Stafford attempts to distinguish his case from previous Sixth Circuit cases
upholding a § 3C2.1 enhancement by arguing that, in his case, “there was no evidence
of pedestrian traffic, or nearby schools, churches, playgrounds, or residential housing”
near the discarded firearm. See, e.g., United States v. May, 430 F. App’x 520, 525–27
(6th Cir. 2011) (upholding a § 3C2.1 enhancement where defendant discarded a loaded
gun in a housing project, where children and pedestrian traffic were common); United
States v. Allen, 51 F.3d 273 (6th Cir. 1995) (per curiam) (holding that discarding a gun
in a residential neighborhood, whether loaded or unloaded, where it could easily be
recovered was reckless endangerment). Stafford erroneously concludes that these
examples encompass the entire spectrum of locations where one would be reckless to
discard a gun. To the contrary, Stafford’s acts are a “gross deviation from the standard
of care that a reasonable person would exercise in such a situation.” Stafford threw a
loaded gun into an area in the rear of a restaurant, near where employees regularly took
the restaurant’s trash. Officer Figula testified that other pedestrians were running
through that alley shortly after the shooting. As a result, there was a significant
possibility that a bystander could have come across the loaded weapon and been hurt,
No. 12-3238 United States v. Stafford Page 28
or used it to hurt someone else. These actions created a substantial risk of serious injury.
Under the Guidelines, the district court’s findings are not clearly erroneous and are
affirmed.
4. Constitutionality of the ACCA’s “Residual Clause”
“We review de novo a challenge to the constitutionality of a statute.” United
States v. Bowers, 594 F.3d 522, 527 (6th Cir. 2010).
As discussed, supra Part II.B.1, the language “or otherwise involves conduct that
presents a serious potential risk of physical injury to another” is commonly referred to
as the ACCA’s “residual clause.” 18 U.S.C. § 924(e)(2)(B)(ii).
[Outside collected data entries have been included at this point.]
(* Let $(\Omega,\mathcal{F},\mu_1)$ be a finite measure space and let $\{e_n\}_{n=0}^{\infty}$ be as in the context, with a fixed exponent $\nu>2$ and a nondecreasing sequence $(M_n)$ such that $\|e_n\|_{L_\nu(\Omega,\mu_1)}\le M_n$ for all $n$. Let $2\le p<\infty$, let $A$ be a bounded linear operator on $L_p(\Omega,\mu_1)$, and put $A_{mn}:=(e_m,Ae_n)_{\mu_1}$. Let $\beta,\lambda\in[0,\infty)$ and let $\psi\in L_p(\Omega,\mu_1)$ with coefficients $\psi_n=(\psi,e_n)_{\mu_1}$. Assume that for every $m$ the series $\sum_{n=0}^\infty \psi_n A_{mn}$ converges and $$\Big|\sum_{n=0}^{\infty}\psi_n A_{mn}\Big|\sim m^{-\lambda},\qquad M_m\sim m^{\beta}\qquad (m\to\infty).$$ Put $f:=A\psi$. Then $f_m:=(f,e_m)_{\mu_1}=\sum_{n=0}^\infty\psi_nA_{mn}$ for all $m$, and: (i) if $0\le\lambda\le 1/2$, then $f\in L_p(\Omega,\mu_1)$; (ii) if $1/2<\lambda<\dfrac{\nu(\beta+1)-1}{\nu-2}$, then $f\in L_q(\Omega,\mu_1)$ for every $q$ with $2\le q<\nu$ and $$q<\frac{\nu(2\beta+1)}{\nu(\beta+1-\lambda)+2\lambda-1};$$ (iii) if $\lambda\ge\dfrac{\nu(\beta+1)-1}{\nu-2}$, then $f\in L_q(\Omega,\mu_1)$ for every $q$ with $2\le q<\nu$. Moreover, in each case $f$ is represented by the series $$f=\sum_{m=0}^{\infty}e_m\sum_{n=0}^{\infty}\psi_nA_{mn},$$ convergent in $L_q(\Omega,\mu_1)$ for the corresponding admissible $q$ (with $q=p$ in case (i)).
   Context: All functions are real-valued. $(\Omega,\mathcal{F},\mu_1)$ is a finite measure space, $1<p<\infty$, $1/p+1/p'=1$, and $(u,v)_{\mu_1}:=\int_\Omega uv\,d\mu_1$. The system $\{e_n\}_{n\ge0}$ is a Schauder basis of $L_p(\Omega,\mu_1)$ and of $L_{p'}(\Omega,\mu_1)$ whose coefficient functionals are $u\mapsto (u,e_n)_{\mu_1}$, i.e. every $u\in L_p(\Omega,\mu_1)$ satisfies $u=\sum_n (u,e_n)_{\mu_1}e_n$ in $L_p(\Omega,\mu_1)$, with partial sums $S_ku=\sum_{n=0}^k(u,e_n)_{\mu_1}e_n$. Moreover $e_n\in L_\nu(\Omega,\mu_1)$ for a fixed $\nu>2$, with $\|e_n\|_{L_\nu(\Omega,\mu_1)}\le M_n$ and $M_n\le M_{n+1}$ for all $n$. For positive sequences, $a_m\sim b_m$ ($m\to\infty$) means there are constants $0<c\le C$ with $c\,b_m\le a_m\le C\,b_m$ for all sufficiently large $m$. *)

theory Defs
  imports "HOL-Analysis.Analysis"
begin

definition memLp :: "real \<Rightarrow> 'a measure \<Rightarrow> ('a \<Rightarrow> real) \<Rightarrow> bool" where
  "memLp r M u \<longleftrightarrow> u \<in> borel_measurable M \<and> integrable M (\<lambda>x. \<bar>u x\<bar> powr r)"

definition Lp_norm :: "real \<Rightarrow> 'a measure \<Rightarrow> ('a \<Rightarrow> real) \<Rightarrow> real" where
  "Lp_norm r M u = (\<integral>x. \<bar>u x\<bar> powr r \<partial>M) powr (1 / r)"

definition pair :: "'a measure \<Rightarrow> ('a \<Rightarrow> real) \<Rightarrow> ('a \<Rightarrow> real) \<Rightarrow> real" where
  "pair M u v = (\<integral>x. u x * v x \<partial>M)"

definition Lp_conv :: "real \<Rightarrow> 'a measure \<Rightarrow> (nat \<Rightarrow> 'a \<Rightarrow> real) \<Rightarrow> ('a \<Rightarrow> real) \<Rightarrow> bool" where
  "Lp_conv r M s u \<longleftrightarrow> (\<lambda>k. Lp_norm r M (\<lambda>x. u x - s k x)) \<longlonglongrightarrow> 0"

definition schauder_basis_Lp :: "real \<Rightarrow> 'a measure \<Rightarrow> (nat \<Rightarrow> 'a \<Rightarrow> real) \<Rightarrow> bool" where
  "schauder_basis_Lp r M e \<longleftrightarrow>
     (\<forall>n. memLp r M (e n)) \<and>
     (\<forall>u. memLp r M u \<longrightarrow>
        Lp_conv r M (\<lambda>k x. \<Sum>n\<le>k. pair M u (e n) * e n x) u) \<and>
     (\<forall>u c. memLp r M u \<longrightarrow> Lp_conv r M (\<lambda>k x. \<Sum>n\<le>k. c n * e n x) u \<longrightarrow>
        (\<forall>n. c n = pair M u (e n)))"

definition bounded_linear_Lp :: "real \<Rightarrow> 'a measure \<Rightarrow> (('a \<Rightarrow> real) \<Rightarrow> ('a \<Rightarrow> real)) \<Rightarrow> bool" where
  "bounded_linear_Lp r M A \<longleftrightarrow>
     (\<forall>u. memLp r M u \<longrightarrow> memLp r M (A u)) \<and>
     (\<forall>u v a b. memLp r M u \<longrightarrow> memLp r M v \<longrightarrow>
        (AE x in M. A (\<lambda>y. a * u y + b * v y) x = a * A u x + b * A v x)) \<and>
     (\<exists>C. \<forall>u. memLp r M u \<longrightarrow> Lp_norm r M (A u) \<le> C * Lp_norm r M u)"

text \<open>a_m \<sim> b_m as m \<rightarrow> \<infinity>: c b_m \<le> a_m \<le> C b_m for all large m, with 0 < c \<le> C.\<close>
definition asymp_equiv_seq :: "(nat \<Rightarrow> real) \<Rightarrow> (nat \<Rightarrow> real) \<Rightarrow> bool" where
  "asymp_equiv_seq a b \<longleftrightarrow> (\<exists>c C. 0 < c \<and> c \<le> C \<and>
     (\<forall>\<^sub>F m in sequentially. c * b m \<le> a m \<and> a m \<le> C * b m))"

end

theory Submission
  imports Defs
begin

text \<open>
  The identity for the coefficients holds because A is continuous on L_p and pairing with e m is
  continuous on L_p, so the coefficient can be passed through the basis expansion of psi.
  Case (i) is just the basis expansion of f = A psi in L_p.

  For (ii) and (iii), split the expansion of f into dyadic blocks of indices in [2^j, 2^(j+1)).
  By biorthogonality the L_2 norm squared of a block is the sum of the squared coefficients,
  at most C^2 2^(j(1 - 2 lam)); by the triangle inequality its L_nu norm is at most
  C D 2^beta 2^(j(1 - lam + beta)). Interpolating (Hoelder) between L_2 and L_nu bounds its
  L_q norm by a constant times 2^(j E) with E < 0 exactly under the stated condition on q
  (automatically in case (iii)). Summing the geometric series shows that the partial sums are
  Cauchy in L_q; since they converge to f in L_p, an a.e. convergent subsequence and Fatou's
  lemma show that f is in L_q and is their L_q limit.
\<close>

section \<open>Elementary inequalities and L_p norms\<close>

lemma Youngs_inequality_nonneg:
  fixes x y s :: real
  assumes "0 \<le> x" "0 \<le> y" "0 < s" "s < 1"
  shows "x powr s * y powr (1 - s) \<le> s * x + (1 - s) * y"
proof (cases "x = 0 \<or> y = 0")
  case True
  then show ?thesis using assms by auto
next
  case False
  then show ?thesis using Youngs_inequality_0[of s "1 - s" x y] assms by auto
qed

lemma powr_convex_comb_le:
  fixes x y t r :: real
  assumes "1 \<le> r" "0 \<le> t" "t \<le> 1" "0 \<le> x" "0 \<le> y"
  shows "((1 - t) * x + t * y) powr r \<le> (1 - t) * x powr r + t * y powr r"
proof -
  have powr_le_self: "c powr r \<le> c" if "0 \<le> c" "c \<le> 1" for c :: real
  proof (cases "c = 0")
    case False
    then have "c powr r \<le> c powr 1" using that assms(1) by (intro powr_mono') auto
    then show ?thesis using that by simp
  qed simp
  consider "x = 0" | "y = 0" | "x > 0" "y > 0" using assms by fastforce
  then show ?thesis
  proof cases
    case 1
    then show ?thesis using powr_le_self[of t] assms by (simp add: powr_mult mult_right_mono)
  next
    case 2
    then show ?thesis using powr_le_self[of "1 - t"] assms by (simp add: powr_mult mult_right_mono)
  next
    case 3
    then show ?thesis using convex_onD[OF powr_convex[OF assms(1)], of t x y] assms by simp
  qed
qed

lemma abs_add_powr_le_convex_comb:
  fixes u v a b r :: real
  assumes r: "1 \<le> r" and a: "0 < a" and b: "0 < b"
  shows "\<bar>u + v\<bar> powr r
    \<le> (a + b) powr r * (a / (a + b) * (\<bar>u\<bar> powr r / a powr r) + b / (a + b) * (\<bar>v\<bar> powr r / b powr r))"
proof -
  have weights: "0 \<le> b / (a + b)" "b / (a + b) \<le> 1" "1 - b / (a + b) = a / (a + b)"
    using a b by (auto simp: field_simps)
  have "a / (a + b) * (\<bar>u\<bar> / a) + b / (a + b) * (\<bar>v\<bar> / b) = \<bar>u\<bar> / (a + b) + \<bar>v\<bar> / (a + b)"
    using a b by simp
  then have split: "\<bar>u\<bar> + \<bar>v\<bar> = (a + b) * (a / (a + b) * (\<bar>u\<bar> / a) + b / (a + b) * (\<bar>v\<bar> / b))"
    using a b by (simp add: add_divide_distrib[symmetric])
  have "\<bar>u + v\<bar> powr r \<le> (\<bar>u\<bar> + \<bar>v\<bar>) powr r" using r by (intro powr_mono2) auto
  also have "\<dots> = (a + b) powr r * (a / (a + b) * (\<bar>u\<bar> / a) + b / (a + b) * (\<bar>v\<bar> / b)) powr r"
    unfolding split using a b by (subst powr_mult) auto
  also have "\<dots> \<le> (a + b) powr r * (a / (a + b) * (\<bar>u\<bar> / a) powr r + b / (a + b) * (\<bar>v\<bar> / b) powr r)"
    using powr_convex_comb_le[OF r weights(1,2), of "\<bar>u\<bar> / a" "\<bar>v\<bar> / b"] a b
    unfolding weights(3) by (intro mult_left_mono) auto
  finally show ?thesis using a b by (simp add: powr_divide)
qed

lemma integral_powr_mult_powr_le:
  fixes a b :: "'a \<Rightarrow> real"
  assumes ia: "integrable M a" and ib: "integrable M b"
    and a0: "\<And>x. x \<in> space M \<Longrightarrow> 0 \<le> a x" and b0: "\<And>x. x \<in> space M \<Longrightarrow> 0 \<le> b x"
    and s: "0 < s" "s < 1"
  shows "integrable M (\<lambda>x. a x powr s * b x powr (1 - s))"
    and "(\<integral>x. a x powr s * b x powr (1 - s) \<partial>M) \<le> (\<integral>x. a x \<partial>M) powr s * (\<integral>x. b x \<partial>M) powr (1 - s)"
proof -
  have [measurable]: "a \<in> borel_measurable M" "b \<in> borel_measurable M" using ia ib by auto
  show int: "integrable M (\<lambda>x. a x powr s * b x powr (1 - s))"
  proof (rule Bochner_Integration.integrable_bound[where f="\<lambda>x. s * a x + (1 - s) * b x"])
    show "integrable M (\<lambda>x. s * a x + (1 - s) * b x)" using ia ib by auto
    show "AE x in M. norm (a x powr s * b x powr (1 - s)) \<le> norm (s * a x + (1 - s) * b x)"
      using a0 b0 s Youngs_inequality_nonneg by (intro AE_I2) (auto simp: abs_mult)
  qed measurable
  define A where "A = (\<integral>x. a x \<partial>M)"
  define B where "B = (\<integral>x. b x \<partial>M)"
  have A0: "A \<ge> 0" and B0: "B \<ge> 0" unfolding A_def B_def using a0 b0 by (simp_all add: integral_nonneg)
  show "(\<integral>x. a x powr s * b x powr (1 - s) \<partial>M) \<le> (\<integral>x. a x \<partial>M) powr s * (\<integral>x. b x \<partial>M) powr (1 - s)"
  proof (cases "A = 0 \<or> B = 0")
    case True
    then have "(AE x in M. a x = 0) \<or> (AE x in M. b x = 0)"
      using integral_nonneg_eq_0_iff_AE[OF ia] integral_nonneg_eq_0_iff_AE[OF ib] a0 b0
      unfolding A_def B_def by auto
    then have "AE x in M. a x powr s * b x powr (1 - s) = 0" by (auto elim: AE_mp)
    then have "(\<integral>x. a x powr s * b x powr (1 - s) \<partial>M) = 0" by (simp add: integral_eq_zero_AE)
    then show ?thesis using A0 B0 by (simp flip: A_def B_def)
  next
    case False
    then have Ap: "A > 0" and Bp: "B > 0" using A0 B0 by auto
    \<comment> \<open>Young's inequality applied to the normalized functions a/A and b/B\<close>
    have pointwise: "a x powr s * b x powr (1 - s) \<le> A powr s * B powr (1 - s) * (s * (a x / A) + (1 - s) * (b x / B))"
      if "x \<in> space M" for x
    proof -
      have "(a x / A) powr s * (b x / B) powr (1 - s) \<le> s * (a x / A) + (1 - s) * (b x / B)"
        using Youngs_inequality_nonneg[of "a x / A" "b x / B" s] a0 b0 that Ap Bp s by auto
      moreover have "a x powr s * b x powr (1 - s) = A powr s * B powr (1 - s) * ((a x / A) powr s * (b x / B) powr (1 - s))"
        using a0 b0 that Ap Bp by (simp add: powr_divide)
      ultimately show ?thesis using Ap Bp by (metis mult_left_mono powr_ge_zero zero_le_mult_iff)
    qed
    have "(\<integral>x. a x powr s * b x powr (1 - s) \<partial>M) \<le> (\<integral>x. A powr s * B powr (1 - s) * (s * (a x / A) + (1 - s) * (b x / B)) \<partial>M)"
      using pointwise ia ib int by (intro integral_mono) auto
    also have "\<dots> = A powr s * B powr (1 - s)"
      using ia ib Ap Bp by (simp add: A_def B_def)
    finally show ?thesis by (simp add: A_def B_def)
  qed
qed

lemma Lp_norm_nonneg: "Lp_norm r M u \<ge> 0"
  unfolding Lp_norm_def by simp

lemma Lp_norm_powr:
  assumes "memLp r M u" "r > 0"
  shows "Lp_norm r M u powr r = (\<integral>x. \<bar>u x\<bar> powr r \<partial>M)"
  using assms by (simp add: Lp_norm_def powr_powr integral_nonneg)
Stafford argues that the
“residual clause” is unconstitutionally vague because its prohibitions are “so indefinite
an ordinary person would not know what conduct it prohibits.” Stafford contends that
the clause is “void for vagueness, as there is no predictable, consistent, or fair definition
that can be applied to the residual clause,” and that it fails to provide defendants with
“any reasonable opportunity to know whether a prior conviction will qualify as a
predicate offense under the ACCA.”
Recently, in United States v. Perry, 703 F.3d 906 (6th Cir. 2013), and United
States v. Campbell, 482 F. App’x 997 (6th Cir. 2012) (per curiam), this court determined
that the “residual clause” was not unconstitutionally vague. In Campbell, the panel
recognized that the Supreme Court has held the clause to be constitutional and that it
“provides guidance that allows a person to conform his conduct to the law.” Campbell,
482 F. App’x at 997; see also Sykes v. United States, 131 S. Ct. 2267, 2277 (2011)
(stating the residual clause provides “an intelligible principle and provides guidance that
allows a person to conform his or her conduct to the law” (internal quotation marks
omitted)); James v. United States, 550 U.S. 192, 210 n.6 (2007) (observing that the
clause “is not so indefinite as to prevent an ordinary person from understanding what
conduct it prohibits”). Stafford, like the defendants in Perry and Campbell, hopes to
persuade us that the dissents in the Supreme Court’s ACCA caselaw favor a change to
the interpretation of the clause. We are bound to follow Supreme Court precedent.
Therefore, we hold that the ACCA’s residual clause is not unconstitutionally vague.
No. 12-3238 United States v. Stafford Page 29
III. CONCLUSION
For the foregoing reasons, Stafford’s conviction is AFFIRMED and the
district court’s sentence is AFFIRMED.